++++ PROVIDED INFORMATION

(* Let $r\geq k+1$. Let $\mathcal{P}$ be a finite classical polar space of rank $r$ with parameter $e$ naturally embedded in $V(n,q)$, and let $H$ be a degenerate hyperplane of $\mathcal{P}$ in $V(n,q)$. Then the number of $k$-spaces of $\mathcal{P}$ contained in $H$ equals \[ \frac{q^{2r+e-k-1}+q^r-q^{r+e-1}-1}{(q^r-1)(q^{r+e-1}+1)} \] times the total number of $k$-spaces of $\mathcal{P}$.
   Context: A finite classical polar space is the geometry of totally isotropic (totally singular) subspaces of $V(n,q)=\mathbb{F}_q^n$ with respect to a non-degenerate quadratic form or non-degenerate reflexive sesquilinear form, with associated polarity $\perp$. Dimensions are algebraic: a $k$-space of $\mathcal{P}$ is a totally isotropic subspace of vector dimension $k$; the rank $r$ is the maximal such dimension and generators are the $r$-spaces. The parameter $e$ is defined by the property that every $(r-1)$-space lies in exactly $q^e+1$ generators ($e=0$ for $Q^+(2r-1,q)$, $1/2$ for $H(2r-1,q)$, $1$ for $W(2r-1,q)$ and $Q(2r,q)$, $3/2$ for $H(2r,q)$, $2$ for $Q^-(2r+1,q)$). A degenerate hyperplane of $\mathcal{P}$ is a hyperplane $H$ of $V(n,q)$ of the form $H=P^\perp$ for a point (1-space) $P$ of $\mathcal{P}$, i.e. a tangent hyperplane; then $H\cap\mathcal{P}$ is a cone with vertex $P$ over a polar space of the same type with rank $r-1$. *)

theory Defs
  imports "HOL-Analysis.Analysis"
begin

text \<open>Vectors of V(n,q) are elements of type 'a^'n with 'a a finite field (q = CARD('a))
 and n = CARD('n). Subspaces and (vector) dimension are those of the library
 interpretation vec of vector_space for scalar multiplication (*s).\<close>

definition field_automorphism :: "('a::field \<Rightarrow> 'a) \<Rightarrow> bool" where
  "field_automorphism \<sigma> \<longleftrightarrow> bij \<sigma> \<and> (\<forall>a b. \<sigma> (a + b) = \<sigma> a + \<sigma> b) \<and> (\<forall>a b. \<sigma> (a * b) = \<sigma> a * \<sigma> b)"

definition sesquilinear ::
  "('a::field \<Rightarrow> 'a) \<Rightarrow> ('a^'n \<Rightarrow> 'a^'n \<Rightarrow> 'a) \<Rightarrow> bool" where
  "sesquilinear \<sigma> B \<longleftrightarrow> field_automorphism \<sigma> \<and>
     (\<forall>x y z. B (x + y) z = B x z + B y z) \<and>
     (\<forall>x y z. B x (y + z) = B x y + B x z) \<and>
     (\<forall>c x y. B (c *s x) y = c * B x y) \<and>
     (\<forall>c x y. B x (c *s y) = \<sigma> c * B x y)"

definition reflexive_form :: "('a::field^'n \<Rightarrow> 'a^'n \<Rightarrow> 'a) \<Rightarrow> bool" where
  "reflexive_form B \<longleftrightarrow> (\<forall>x y. B x y = 0 \<longleftrightarrow> B y x = 0)"

definition nondegenerate_form :: "('a::field^'n \<Rightarrow> 'a^'n \<Rightarrow> 'a) \<Rightarrow> bool" where
  "nondegenerate_form B \<longleftrightarrow> (\<forall>x. (\<forall>y. B x y = 0) \<longrightarrow> x = 0)"

text \<open>A form giving a classical polar space: non-degenerate reflexive sesquilinear,
 excluding the non-classical case of a symmetric non-alternating bilinear form in
 characteristic 2 (whose isotropic vectors only form a hyperplane).\<close>
definition classical_sesquilinear_form :: "('a::field^'n \<Rightarrow> 'a^'n \<Rightarrow> 'a) \<Rightarrow> bool" where
  "classical_sesquilinear_form B \<longleftrightarrow>
     (\<exists>\<sigma>. sesquilinear \<sigma> B \<and>
        \<not> (\<sigma> = id \<and> (1 + 1 :: 'a) = 0 \<and> \<not> (\<forall>x. B x x = 0))) \<and>
     reflexive_form B \<and> nondegenerate_form B"

definition polar_form :: "('a::field^'n \<Rightarrow> 'a) \<Rightarrow> 'a^'n \<Rightarrow> 'a^'n \<Rightarrow> 'a" where
  "polar_form Q x y = Q (x + y) - Q x - Q y"

definition quadratic_form :: "('a::field^'n \<Rightarrow> 'a) \<Rightarrow> bool" where
  "quadratic_form Q \<longleftrightarrow> (\<forall>c x. Q (c *s x) = c^2 * Q x) \<and> sesquilinear id (polar_form Q)"

definition nondegenerate_quadratic_form :: "('a::field^'n \<Rightarrow> 'a) \<Rightarrow> bool" where
  "nondegenerate_quadratic_form Q \<longleftrightarrow> quadratic_form Q \<and>
     (\<forall>x. Q x = 0 \<and> (\<forall>y. polar_form Q x y = 0) \<longrightarrow> x = 0)"

text \<open>A finite classical polar space is given by its associated (sesqui)bilinear form B
 (defining the polarity perp) and the predicate TI of being totally isotropic /
 totally singular for subsets of V.\<close>
definition classical_polar_space ::
  "('a::field^'n \<Rightarrow> 'a^'n \<Rightarrow> 'a) \<Rightarrow> (('a^'n) set \<Rightarrow> bool) \<Rightarrow> bool" where
  "classical_polar_space B TI \<longleftrightarrow>
     (classical_sesquilinear_form B \<and> TI = (\<lambda>U. \<forall>u\<in>U. \<forall>v\<in>U. B u v = 0)) \<or>
     (\<exists>Q. nondegenerate_quadratic_form Q \<and> B = polar_form Q \<and> TI = (\<lambda>U. \<forall>u\<in>U. Q u = 0))"

definition k_spaces :: "(('a::field^'n) set \<Rightarrow> bool) \<Rightarrow> nat \<Rightarrow> ('a^'n) set set" where
  "k_spaces TI k = {U. vec.subspace U \<and> vec.dim U = k \<and> TI U}"

definition polar_rank :: "(('a::field^'n) set \<Rightarrow> bool) \<Rightarrow> nat \<Rightarrow> bool" where
  "polar_rank TI r \<longleftrightarrow> k_spaces TI r \<noteq> {} \<and>
     (\<forall>U. vec.subspace U \<and> TI U \<longrightarrow> vec.dim U \<le> r)"

definition polar_parameter ::
  "(('a::{finite,field}^'n) set \<Rightarrow> bool) \<Rightarrow> nat \<Rightarrow> real \<Rightarrow> bool" where
  "polar_parameter TI r e \<longleftrightarrow>
     (\<forall>L \<in> k_spaces TI (r - 1).
        real (card {G \<in> k_spaces TI r. L \<subseteq> G}) = real CARD('a) powr e + 1)"

definition perp :: "('a::field^'n \<Rightarrow> 'a^'n \<Rightarrow> 'a) \<Rightarrow> ('a^'n) set \<Rightarrow> ('a^'n) set" where
  "perp B S = {x. \<forall>s\<in>S. B s x = 0}"

end

theory Submission
  imports Defs
begin

(* Let q = |F| and fix a generator M through a totally singular subspace Y of dimension j.
   A singular vector x of Y\<^sup>\<perp> outside M determines the hyperplane L = M \<inter> x\<^sup>\<perp> of M,
   which contains Y, and the generator G = \<langle>L, x\<rangle> \<noteq> M through L; conversely every vector
   of G - L arises in this way. As each hyperplane of M lies in exactly q^e + 1 generators,
   Y\<^sup>\<perp> contains s(j) = q^r + q^(r+e-1) (q^(r-j) - 1) singular vectors, a number depending
   only on j. Hence ordered bases of totally singular i-spaces can be counted one vector at a
   time. Counting in the same way the ordered bases inside p\<^sup>\<perp>, for a singular point p, split
   according to whether p already lies in their span, gives a two-term linear recursion whose solution shows that they
   form the fraction (s(k) - 1) / (s(0) - 1) of all ordered bases of totally singular k-spaces.
   Every k-space has the same number of ordered bases, so the same fraction holds for k-spaces. *)

lemma two_le_card_field: "2 \<le> CARD('a::{finite,field})"
proof -
  have "card {0::'a, 1} = 2" by simp
  moreover have "card {0::'a, 1} \<le> CARD('a)" by (rule card_mono) simp_all
  ultimately show ?thesis by simp
qed

lemma card_span_insert:
  fixes S :: "('a::{finite,field}^'n) set"
  assumes "x \<notin> vec.span S"
  shows "card (vec.span (insert x S)) = CARD('a) * card (vec.span S)"
proof -
  let ?f = "\<lambda>(c, y). c *s x + y"
  have span_eq: "vec.span (insert x S) = ?f ` (UNIV \<times> vec.span S)"
  proof (intro subset_antisym subsetI)
    fix z assume "z \<in> vec.span (insert x S)"
    then obtain c where "z - c *s x \<in> vec.span S" by (auto simp: vec.span_insert)
    then show "z \<in> ?f ` (UNIV \<times> vec.span S)" by (intro image_eqI[of _ _ "(c, z - c *s x)"]) auto
  next
    fix z assume "z \<in> ?f ` (UNIV \<times> vec.span S)"
    then obtain c y where "z = c *s x + y" "y \<in> vec.span S" by auto
    then show "z \<in> vec.span (insert x S)" unfolding vec.span_insert by (intro CollectI exI[of _ c]) simp
  qed
  have "inj_on ?f (UNIV \<times> vec.span S)"
  proof (rule inj_onI, clarsimp)
    fix c y c' y'
    assume y: "y \<in> vec.span S" "y' \<in> vec.span S" and eq: "c *s x + y = c' *s x + y'"
    show "c = c' \<and> y = y'"
    proof (cases "c = c'")
      case True then show ?thesis using eq by simp
    next
      case False
      have "(c - c') *s x = y' - y" using eq by (simp add: algebra_simps)
      then have "x = inverse (c - c') *s (y' - y)" using False
        by (metis eq_iff_diff_eq_0 left_inverse vector_smult_assoc vector_smult_lid)
      then have "x \<in> vec.span S" using y by (simp add: vec.span_diff vec.span_scale)
      with assms show ?thesis by simp
    qed
  qed
  then show ?thesis unfolding span_eq by (simp add: card_image card_cartesian_product)
qed

lemma card_span: "card (vec.span S) = CARD('a) ^ vec.dim S"
  for S :: "('a::{finite,field}^'n) set"
proof -
  have "finite S" by simp
  then show ?thesis
  proof (induction S rule: finite_induct)
    case (insert x S)
    then show ?case
      by (cases "x \<in> vec.span S") (simp_all add: vec.span_redundant vec.dim_insert card_span_insert)
  qed simp
qed

lemma card_span_insert_diff:
  fixes S :: "('a::{finite,field}^'n) set"
  assumes "x \<notin> vec.span S"
  shows "real (card (vec.span (insert x S) - vec.span S))
    = real CARD('a) ^ Suc (vec.dim S) - real CARD('a) ^ vec.dim S"
proof -
  have "vec.span S \<subseteq> vec.span (insert x S)" by (simp add: vec.span_mono subset_insertI)
  then show ?thesis
    using assms card_span[of "insert x S"] card_span[of S]
    by (simp add: vec.dim_insert card_Diff_subset card_mono of_nat_diff)
qed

++++++++

__EXERCISE BRIEF__
All of the lines above that carry the string "rule" need to be found and copied.

__SOLUTION TO THIS TASK__
  moreover have "card {0::'a, 1} \<le> CARD('a)" by (rule card_mono) simp_all
  proof (rule inj_onI, clarsimp)
  proof (induction S rule: finite_induct)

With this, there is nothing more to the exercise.